3. Number of Experts Used to Establish Ground Truth for the Test Set and Their Qualifications:

This question is not applicable to this type of mechanical testing. Ground truth in this context is established by the physical testing methods and the measured mechanical properties, not by expert consensus on images or pathology.

4. Adjudication Method for the Test Set:

This question is not applicable to mechanical testing. Adjudication methods like 2+1 or 3+1 are used for expert reviews, typically in image interpretation or clinical trials, not for direct physical measurements.

5. If a Multi-Reader Multi-Case (MRMC) Comparative Effectiveness Study was done, and the effect size of how much human readers improve with AI vs. without AI assistance:

No, an MRMC comparative effectiveness study was not done. The provided text focuses exclusively on pre-clinical mechanical testing of a bone fixation device, not on AI-assisted diagnostic or interpretative tasks. Therefore, there is no information on human reader improvement with or without AI.

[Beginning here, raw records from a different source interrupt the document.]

theorem lemma6:
  fixes P :: "'x::finite \<Rightarrow> 'a::finite \<Rightarrow> 'x \<Rightarrow> real"
    and r :: "'x \<Rightarrow> 'a \<Rightarrow> real"
    and \<gamma> \<alpha> \<delta> :: real
    and K M :: nat
    and y :: "nat \<Rightarrow> nat \<Rightarrow> 'x \<Rightarrow> 'a \<Rightarrow> 'x"
  defines "H \<equiv> 1 / (1 - \<gamma>)"
    and "\<iota> \<equiv> iota1 K (card (UNIV :: 'x set)) (card (UNIV :: 'a set)) \<delta>"
  assumes mdp: "is_mdp P r \<gamma>"
    and alpha: "0 \<le> \<alpha>" "\<alpha> < 1"
    and KM: "0 < K" "0 < M"
    and delta: "0 < \<delta>" "\<delta> < 1"
    and samples: "\<And>k m x a. k < K \<Longrightarrow> m < M \<Longrightarrow> 0 < P x a (y k m x a)"
    and E1: "\<And>k x a. 1 \<le> k \<Longrightarrow> k \<le> K \<Longrightarrow>
               \<bar>mdvi_E P r \<gamma> \<alpha> M y k x a\<bar> < 3 * H * sqrt (A_inf \<alpha> * \<iota> / real M)"
    and E2: "\<And>k x a. 1 \<le> k \<Longrightarrow> k \<le> K \<Longrightarrow>
               \<bar>mdvi_eps P r \<gamma> \<alpha> M y k x a\<bar> < 3 * H * sqrt (\<iota> / real M)"
  shows "(\<forall>k\<in>{1..K-1}. \<forall>x a.
            sigmaP P (mdvi_v r \<gamma> \<alpha> M y k) x a
              \<le> 2 * H * min 1 (2 * (max \<alpha> \<gamma>) ^ (k - 1) + A_gamma \<gamma> \<alpha> (k - 1) / A_inf \<alpha>
                                 + 6 * H * sqrt (\<iota> / real M))
                + sigmaP P (vstar P r \<gamma>) x a)
         \<and> (\<forall>x a. sigmaP P (mdvi_v r \<gamma> \<alpha> M y 0) x a = 0)"
proof -
  interpret mdvi P r \<gamma> \<alpha> M y
    using mdp alpha KM(2) by unfold_locales
  have horizon: "horizon = H"
    by (simp add: horizon_def H_def)
  have \<iota>: "0 \<le> \<iota> / real M"
    unfolding \<iota>_def using iota1_pos[OF KM(1) _ _ delta] by (simp add: less_imp_le)
  define \<eta> where "\<eta> = 3 * H * sqrt (\<iota> / real M)"
  have \<eta>: "0 \<le> \<eta>"
    using \<iota> horizon_nonneg by (simp add: \<eta>_def horizon)
  have \<epsilon>_le: "\<bar>\<epsilon> j x a\<bar> \<le> \<eta>" if "1 \<le> j" "j \<le> K" for j x a
    using E2[OF that, of x a] by (simp add: \<eta>_def)
  have E_le: "(1 - \<alpha>) * \<bar>E j x a\<bar> \<le> \<eta>" if "1 \<le> j" "j \<le> K" for j x a
    unfolding \<eta>_def using E1[OF that, of x a] alpha \<iota> horizon_nonneg
    by (intro one_minus_mult_le_of_le_sqrt_A_inf) (auto simp: horizon)
  have "sigmaP P (V k) x a \<le> 2 * H * min 1 (2 * max \<alpha> \<gamma> ^ (k - 1) + (1 - \<alpha>) * A_gamma \<gamma> \<alpha> (k - 1) + 2 * \<eta>)
                             + sigmaP P v_opt x a" if "1 \<le> k" "k \<le> K" for k x a
    using V_dist_v_opt_le[OF \<epsilon>_le E_le \<eta> that] by (intro sigmaP_le_add[OF stochastic_kernel]) (simp add: horizon)
  moreover have "sigmaP P (V 0) x a = 0" for x a
    by (simp add: mdvi_v_def sigmaP_def VarP_def Pv_def)
  ultimately show ?thesis
    by (auto simp: A_inf_def \<eta>_def ac_simps)
qed

end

6. If a Standalone (i.e., algorithm only without human-in-the-loop performance) was done:

No, a standalone algorithm performance study was not done. The device being described is a physical medical implant (bone fixation system), not a software algorithm or AI device.

7. The Type of Ground Truth Used:

The ground truth used for these tests is mechanical performance metrics derived from standardized or accepted pre-clinical testing methods (e.g., axial pullout strength, insertion torque, torsional strength, fatigue life). The comparison is against established predicate device performance as a benchmark for substantial equivalence.

8. The Sample Size for the Training Set:

This question is not applicable. The CONQUEST FN is a physical implant, not an AI model requiring a "training set."

9. How the Ground Truth for the Training Set was Established:

This question is not applicable as there is no training set for a physical implant device.